## [Work order]
In the data below, find each line that contains the word "slope" and copy it.

Dataset entries:
^^^^^^^^^^^^^^^^
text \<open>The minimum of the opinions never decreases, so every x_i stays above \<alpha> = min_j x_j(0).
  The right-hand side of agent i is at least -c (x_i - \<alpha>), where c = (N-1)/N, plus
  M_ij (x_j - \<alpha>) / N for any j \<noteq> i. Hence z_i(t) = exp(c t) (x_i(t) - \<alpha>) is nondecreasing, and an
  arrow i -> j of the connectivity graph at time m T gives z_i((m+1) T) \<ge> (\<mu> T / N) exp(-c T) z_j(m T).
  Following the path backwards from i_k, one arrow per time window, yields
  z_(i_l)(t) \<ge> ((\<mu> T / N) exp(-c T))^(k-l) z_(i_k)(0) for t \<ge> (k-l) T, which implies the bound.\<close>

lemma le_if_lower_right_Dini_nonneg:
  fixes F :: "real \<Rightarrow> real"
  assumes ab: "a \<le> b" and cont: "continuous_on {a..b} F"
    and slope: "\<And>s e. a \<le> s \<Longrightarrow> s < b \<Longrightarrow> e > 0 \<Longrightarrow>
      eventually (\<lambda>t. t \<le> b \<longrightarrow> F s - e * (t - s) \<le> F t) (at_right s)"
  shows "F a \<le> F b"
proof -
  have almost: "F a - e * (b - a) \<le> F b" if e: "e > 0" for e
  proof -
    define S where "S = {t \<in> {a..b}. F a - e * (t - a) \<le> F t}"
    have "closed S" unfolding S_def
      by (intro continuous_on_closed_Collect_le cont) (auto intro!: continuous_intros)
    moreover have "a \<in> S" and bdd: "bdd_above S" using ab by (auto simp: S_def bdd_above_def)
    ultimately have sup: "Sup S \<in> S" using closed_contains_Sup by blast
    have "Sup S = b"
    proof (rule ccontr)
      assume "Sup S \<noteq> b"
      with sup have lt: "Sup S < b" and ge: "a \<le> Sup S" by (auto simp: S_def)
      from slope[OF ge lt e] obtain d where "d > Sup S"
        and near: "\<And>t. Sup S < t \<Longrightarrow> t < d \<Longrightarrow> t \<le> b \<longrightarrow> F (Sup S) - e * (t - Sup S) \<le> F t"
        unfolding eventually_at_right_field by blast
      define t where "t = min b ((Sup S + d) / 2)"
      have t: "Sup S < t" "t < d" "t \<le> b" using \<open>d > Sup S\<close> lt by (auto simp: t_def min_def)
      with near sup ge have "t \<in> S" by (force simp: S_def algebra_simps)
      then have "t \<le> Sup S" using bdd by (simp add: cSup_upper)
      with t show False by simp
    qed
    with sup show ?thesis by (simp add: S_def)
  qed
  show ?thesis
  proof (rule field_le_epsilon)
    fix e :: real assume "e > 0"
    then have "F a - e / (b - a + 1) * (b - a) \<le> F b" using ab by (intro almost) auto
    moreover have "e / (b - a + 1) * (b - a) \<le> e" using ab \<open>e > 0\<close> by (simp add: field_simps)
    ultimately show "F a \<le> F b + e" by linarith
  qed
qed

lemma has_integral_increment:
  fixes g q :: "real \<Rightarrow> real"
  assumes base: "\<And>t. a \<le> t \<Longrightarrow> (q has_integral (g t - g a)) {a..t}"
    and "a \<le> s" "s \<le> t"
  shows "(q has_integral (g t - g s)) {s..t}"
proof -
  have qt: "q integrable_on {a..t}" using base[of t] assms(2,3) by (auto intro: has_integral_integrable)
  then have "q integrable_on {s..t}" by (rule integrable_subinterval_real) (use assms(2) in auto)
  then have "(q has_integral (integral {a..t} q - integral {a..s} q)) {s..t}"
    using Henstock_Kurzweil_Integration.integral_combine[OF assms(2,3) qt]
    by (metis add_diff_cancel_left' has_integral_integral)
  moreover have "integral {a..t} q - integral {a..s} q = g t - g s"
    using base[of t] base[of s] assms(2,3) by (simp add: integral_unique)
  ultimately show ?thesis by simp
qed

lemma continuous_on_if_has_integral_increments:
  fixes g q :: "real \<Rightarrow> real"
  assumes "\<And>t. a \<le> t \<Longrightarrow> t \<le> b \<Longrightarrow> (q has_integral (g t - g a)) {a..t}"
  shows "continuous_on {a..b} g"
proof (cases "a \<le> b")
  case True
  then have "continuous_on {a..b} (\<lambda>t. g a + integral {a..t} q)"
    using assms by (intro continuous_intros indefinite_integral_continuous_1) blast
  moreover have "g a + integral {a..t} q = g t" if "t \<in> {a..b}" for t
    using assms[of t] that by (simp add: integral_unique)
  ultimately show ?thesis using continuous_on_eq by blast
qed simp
^^^^^^^^^^^^^^^^
## [Expected answer]
    and slope: "\<And>s e. a \<le> s \<Longrightarrow> s < b \<Longrightarrow> e > 0 \<Longrightarrow>
      from slope[OF ge lt e] obtain d where "d > Sup S"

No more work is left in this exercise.